*EXERCISE INSTRUCTIONS*:
Search the listing for the word "moreover" and return each line that contains it.

= Beginning of Section =

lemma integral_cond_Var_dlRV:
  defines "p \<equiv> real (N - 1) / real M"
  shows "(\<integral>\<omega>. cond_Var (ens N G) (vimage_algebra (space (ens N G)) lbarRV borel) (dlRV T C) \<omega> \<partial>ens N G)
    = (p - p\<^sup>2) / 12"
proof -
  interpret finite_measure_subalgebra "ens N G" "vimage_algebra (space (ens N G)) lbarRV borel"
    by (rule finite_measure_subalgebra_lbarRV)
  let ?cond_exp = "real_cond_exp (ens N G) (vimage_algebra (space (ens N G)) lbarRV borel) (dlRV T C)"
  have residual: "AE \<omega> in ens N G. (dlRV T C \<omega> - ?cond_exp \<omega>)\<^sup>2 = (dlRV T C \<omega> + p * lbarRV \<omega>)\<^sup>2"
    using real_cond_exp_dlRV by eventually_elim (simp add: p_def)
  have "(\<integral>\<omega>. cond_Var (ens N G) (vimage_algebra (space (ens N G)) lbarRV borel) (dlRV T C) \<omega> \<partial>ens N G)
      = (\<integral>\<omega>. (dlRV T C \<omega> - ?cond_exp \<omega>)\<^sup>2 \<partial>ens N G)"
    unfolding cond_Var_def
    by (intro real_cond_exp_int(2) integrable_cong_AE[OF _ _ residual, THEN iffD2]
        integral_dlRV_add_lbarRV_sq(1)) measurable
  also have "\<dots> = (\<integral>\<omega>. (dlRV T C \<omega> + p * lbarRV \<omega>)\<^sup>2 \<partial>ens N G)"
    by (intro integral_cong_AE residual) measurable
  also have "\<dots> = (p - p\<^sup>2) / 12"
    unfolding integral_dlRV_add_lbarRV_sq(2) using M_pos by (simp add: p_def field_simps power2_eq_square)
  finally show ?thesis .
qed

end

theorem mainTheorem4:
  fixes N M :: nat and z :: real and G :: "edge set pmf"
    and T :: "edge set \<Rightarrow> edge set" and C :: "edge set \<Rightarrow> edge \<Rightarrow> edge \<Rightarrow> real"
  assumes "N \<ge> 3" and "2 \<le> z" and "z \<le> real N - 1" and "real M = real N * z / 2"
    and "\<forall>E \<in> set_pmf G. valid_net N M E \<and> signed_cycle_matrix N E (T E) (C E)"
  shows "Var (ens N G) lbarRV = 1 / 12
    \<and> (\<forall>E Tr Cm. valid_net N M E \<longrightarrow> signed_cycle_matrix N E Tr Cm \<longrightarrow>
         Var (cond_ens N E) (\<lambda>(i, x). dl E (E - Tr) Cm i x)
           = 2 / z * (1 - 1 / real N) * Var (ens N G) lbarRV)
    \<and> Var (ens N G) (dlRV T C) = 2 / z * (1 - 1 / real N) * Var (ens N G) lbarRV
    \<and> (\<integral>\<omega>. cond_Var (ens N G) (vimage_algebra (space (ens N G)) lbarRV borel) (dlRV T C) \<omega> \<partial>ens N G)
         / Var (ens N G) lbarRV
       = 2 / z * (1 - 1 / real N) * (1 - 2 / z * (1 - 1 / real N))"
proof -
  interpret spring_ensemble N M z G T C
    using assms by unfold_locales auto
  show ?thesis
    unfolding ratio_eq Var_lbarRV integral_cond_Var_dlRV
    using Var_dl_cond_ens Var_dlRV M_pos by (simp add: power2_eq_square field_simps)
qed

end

= End of Section =
= Beginning of Section =

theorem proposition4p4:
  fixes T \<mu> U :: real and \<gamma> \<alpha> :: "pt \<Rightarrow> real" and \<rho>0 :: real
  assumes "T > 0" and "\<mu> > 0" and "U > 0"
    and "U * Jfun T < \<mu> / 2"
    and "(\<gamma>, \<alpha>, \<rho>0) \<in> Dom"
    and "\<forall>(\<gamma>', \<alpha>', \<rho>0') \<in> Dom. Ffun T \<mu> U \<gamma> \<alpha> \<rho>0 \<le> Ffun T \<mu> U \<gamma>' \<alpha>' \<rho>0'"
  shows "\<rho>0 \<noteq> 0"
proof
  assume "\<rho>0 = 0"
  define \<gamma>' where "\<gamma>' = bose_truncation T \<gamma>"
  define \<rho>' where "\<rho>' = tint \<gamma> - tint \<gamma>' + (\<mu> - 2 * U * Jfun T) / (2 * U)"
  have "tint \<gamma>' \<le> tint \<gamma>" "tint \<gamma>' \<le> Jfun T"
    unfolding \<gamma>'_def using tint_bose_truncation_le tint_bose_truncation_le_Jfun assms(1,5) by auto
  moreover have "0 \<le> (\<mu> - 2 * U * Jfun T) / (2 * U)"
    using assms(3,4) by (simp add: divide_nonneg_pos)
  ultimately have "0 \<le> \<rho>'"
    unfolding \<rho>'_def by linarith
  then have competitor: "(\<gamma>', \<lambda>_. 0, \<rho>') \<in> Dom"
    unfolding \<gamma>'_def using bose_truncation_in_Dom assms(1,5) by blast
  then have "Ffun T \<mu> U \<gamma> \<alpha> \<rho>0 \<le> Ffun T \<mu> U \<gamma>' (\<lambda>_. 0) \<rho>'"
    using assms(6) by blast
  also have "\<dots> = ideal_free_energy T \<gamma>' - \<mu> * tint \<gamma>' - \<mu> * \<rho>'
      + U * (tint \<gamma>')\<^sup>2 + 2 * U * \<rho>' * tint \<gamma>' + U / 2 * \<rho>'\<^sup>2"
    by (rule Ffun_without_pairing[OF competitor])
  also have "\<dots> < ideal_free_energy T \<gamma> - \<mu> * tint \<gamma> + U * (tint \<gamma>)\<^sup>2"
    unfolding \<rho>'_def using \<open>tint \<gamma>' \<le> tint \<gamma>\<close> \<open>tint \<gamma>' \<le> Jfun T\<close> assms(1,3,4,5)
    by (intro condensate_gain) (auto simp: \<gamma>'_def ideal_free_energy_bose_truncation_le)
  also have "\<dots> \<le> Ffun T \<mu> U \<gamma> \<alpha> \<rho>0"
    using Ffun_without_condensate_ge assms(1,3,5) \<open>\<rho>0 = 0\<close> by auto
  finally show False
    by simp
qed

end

= End of Section =
= Beginning of Section =

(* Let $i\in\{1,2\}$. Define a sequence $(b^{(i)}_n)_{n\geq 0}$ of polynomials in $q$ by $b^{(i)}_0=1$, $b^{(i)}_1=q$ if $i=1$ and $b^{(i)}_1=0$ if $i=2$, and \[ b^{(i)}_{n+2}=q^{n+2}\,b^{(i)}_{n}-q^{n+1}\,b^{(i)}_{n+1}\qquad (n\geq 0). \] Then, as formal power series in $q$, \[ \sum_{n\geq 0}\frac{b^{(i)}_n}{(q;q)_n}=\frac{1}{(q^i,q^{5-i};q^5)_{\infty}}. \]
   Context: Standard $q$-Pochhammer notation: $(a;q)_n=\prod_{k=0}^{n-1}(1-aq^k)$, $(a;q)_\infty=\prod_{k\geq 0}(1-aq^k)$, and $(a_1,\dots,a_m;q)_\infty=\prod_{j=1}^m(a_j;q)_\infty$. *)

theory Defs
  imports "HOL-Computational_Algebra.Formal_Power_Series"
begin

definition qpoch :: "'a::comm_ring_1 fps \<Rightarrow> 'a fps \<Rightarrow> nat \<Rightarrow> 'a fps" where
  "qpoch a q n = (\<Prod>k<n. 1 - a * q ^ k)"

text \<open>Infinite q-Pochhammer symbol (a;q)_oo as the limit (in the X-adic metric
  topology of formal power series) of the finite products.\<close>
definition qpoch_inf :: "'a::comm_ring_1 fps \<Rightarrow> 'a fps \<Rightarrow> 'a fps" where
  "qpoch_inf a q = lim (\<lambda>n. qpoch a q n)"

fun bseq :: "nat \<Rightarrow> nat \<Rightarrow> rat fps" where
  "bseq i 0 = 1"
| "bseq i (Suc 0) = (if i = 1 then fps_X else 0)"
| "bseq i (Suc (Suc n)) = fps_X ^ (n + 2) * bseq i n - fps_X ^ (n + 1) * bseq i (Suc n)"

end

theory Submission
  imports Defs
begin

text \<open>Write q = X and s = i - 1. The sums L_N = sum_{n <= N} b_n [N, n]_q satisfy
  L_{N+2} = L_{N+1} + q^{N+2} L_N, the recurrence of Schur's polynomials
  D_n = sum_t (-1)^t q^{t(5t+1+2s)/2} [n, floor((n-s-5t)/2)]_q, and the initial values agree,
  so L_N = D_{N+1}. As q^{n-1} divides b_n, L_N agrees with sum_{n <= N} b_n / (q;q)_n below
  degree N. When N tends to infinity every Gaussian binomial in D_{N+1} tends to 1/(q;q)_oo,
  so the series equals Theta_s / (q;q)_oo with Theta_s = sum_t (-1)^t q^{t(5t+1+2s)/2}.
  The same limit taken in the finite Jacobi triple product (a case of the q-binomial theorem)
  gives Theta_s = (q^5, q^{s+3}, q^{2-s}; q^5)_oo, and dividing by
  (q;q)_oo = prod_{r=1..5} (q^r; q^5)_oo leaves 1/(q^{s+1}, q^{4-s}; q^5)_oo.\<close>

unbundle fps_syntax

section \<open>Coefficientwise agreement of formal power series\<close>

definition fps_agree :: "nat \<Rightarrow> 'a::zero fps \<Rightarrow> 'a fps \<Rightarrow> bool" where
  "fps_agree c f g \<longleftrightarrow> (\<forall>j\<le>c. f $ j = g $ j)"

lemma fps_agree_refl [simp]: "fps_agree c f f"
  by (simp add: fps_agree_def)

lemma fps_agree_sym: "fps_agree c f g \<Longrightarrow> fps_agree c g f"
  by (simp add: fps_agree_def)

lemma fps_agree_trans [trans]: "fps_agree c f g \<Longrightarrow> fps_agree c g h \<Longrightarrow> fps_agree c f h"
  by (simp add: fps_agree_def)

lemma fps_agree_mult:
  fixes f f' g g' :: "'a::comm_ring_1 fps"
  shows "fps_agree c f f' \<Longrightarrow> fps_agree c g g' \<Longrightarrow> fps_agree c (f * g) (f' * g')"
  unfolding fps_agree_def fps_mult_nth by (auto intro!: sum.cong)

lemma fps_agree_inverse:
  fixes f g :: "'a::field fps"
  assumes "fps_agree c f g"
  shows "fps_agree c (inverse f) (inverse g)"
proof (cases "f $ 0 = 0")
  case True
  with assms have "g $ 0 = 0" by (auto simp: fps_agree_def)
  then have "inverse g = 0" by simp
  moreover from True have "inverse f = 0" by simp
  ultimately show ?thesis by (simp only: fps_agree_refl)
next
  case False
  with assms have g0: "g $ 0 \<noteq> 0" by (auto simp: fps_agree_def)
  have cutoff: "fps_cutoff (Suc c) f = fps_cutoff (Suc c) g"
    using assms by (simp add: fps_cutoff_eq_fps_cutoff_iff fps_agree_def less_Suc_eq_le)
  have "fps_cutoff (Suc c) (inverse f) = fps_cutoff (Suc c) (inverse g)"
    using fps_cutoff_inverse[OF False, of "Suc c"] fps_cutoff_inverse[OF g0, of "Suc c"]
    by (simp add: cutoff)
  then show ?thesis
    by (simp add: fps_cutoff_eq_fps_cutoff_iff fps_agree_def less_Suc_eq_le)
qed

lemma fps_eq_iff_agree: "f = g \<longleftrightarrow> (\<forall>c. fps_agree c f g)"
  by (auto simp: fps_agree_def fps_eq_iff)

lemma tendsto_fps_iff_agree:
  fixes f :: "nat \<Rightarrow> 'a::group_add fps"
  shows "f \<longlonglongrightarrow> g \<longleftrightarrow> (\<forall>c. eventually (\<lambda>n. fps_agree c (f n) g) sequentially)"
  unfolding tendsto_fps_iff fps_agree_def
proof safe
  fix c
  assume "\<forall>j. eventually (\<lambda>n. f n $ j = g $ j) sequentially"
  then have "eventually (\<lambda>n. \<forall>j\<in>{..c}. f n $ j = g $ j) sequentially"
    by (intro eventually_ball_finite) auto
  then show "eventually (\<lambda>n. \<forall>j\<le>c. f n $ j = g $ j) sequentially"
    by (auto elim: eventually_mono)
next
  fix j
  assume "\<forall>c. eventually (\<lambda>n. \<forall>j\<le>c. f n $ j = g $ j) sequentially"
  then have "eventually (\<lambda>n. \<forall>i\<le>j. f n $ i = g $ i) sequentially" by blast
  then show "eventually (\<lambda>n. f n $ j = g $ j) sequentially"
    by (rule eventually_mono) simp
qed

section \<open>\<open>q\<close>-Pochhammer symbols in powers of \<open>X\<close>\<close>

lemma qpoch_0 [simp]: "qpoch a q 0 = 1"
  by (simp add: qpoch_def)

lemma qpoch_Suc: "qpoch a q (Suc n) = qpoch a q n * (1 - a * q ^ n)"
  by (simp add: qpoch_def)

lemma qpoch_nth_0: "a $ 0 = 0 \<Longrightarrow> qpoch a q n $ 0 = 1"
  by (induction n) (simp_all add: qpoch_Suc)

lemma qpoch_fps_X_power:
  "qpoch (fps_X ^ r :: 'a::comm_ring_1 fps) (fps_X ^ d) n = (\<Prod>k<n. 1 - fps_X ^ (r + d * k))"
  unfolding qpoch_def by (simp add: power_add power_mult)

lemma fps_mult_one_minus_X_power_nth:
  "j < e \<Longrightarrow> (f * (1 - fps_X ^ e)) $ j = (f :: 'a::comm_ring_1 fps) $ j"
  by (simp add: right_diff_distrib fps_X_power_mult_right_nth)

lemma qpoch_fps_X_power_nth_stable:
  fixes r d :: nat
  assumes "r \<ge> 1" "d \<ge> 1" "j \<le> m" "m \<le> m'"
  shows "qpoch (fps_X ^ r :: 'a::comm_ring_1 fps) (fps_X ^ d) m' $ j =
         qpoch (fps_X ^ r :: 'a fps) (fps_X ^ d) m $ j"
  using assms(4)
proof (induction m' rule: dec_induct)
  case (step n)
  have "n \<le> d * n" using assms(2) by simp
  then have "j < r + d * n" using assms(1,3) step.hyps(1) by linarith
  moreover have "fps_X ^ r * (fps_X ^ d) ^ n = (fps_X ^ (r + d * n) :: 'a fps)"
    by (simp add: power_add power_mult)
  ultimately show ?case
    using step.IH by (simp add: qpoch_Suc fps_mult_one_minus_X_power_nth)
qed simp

= End of Section =

*TASK OUTPUT*:
  moreover have "0 \<le> (\<mu> - 2 * U * Jfun T) / (2 * U)"
  moreover from True have "inverse f = 0" by simp
  moreover have "fps_X ^ r * (fps_X ^ d) ^ n = (fps_X ^ (r + d * n) :: 'a fps)"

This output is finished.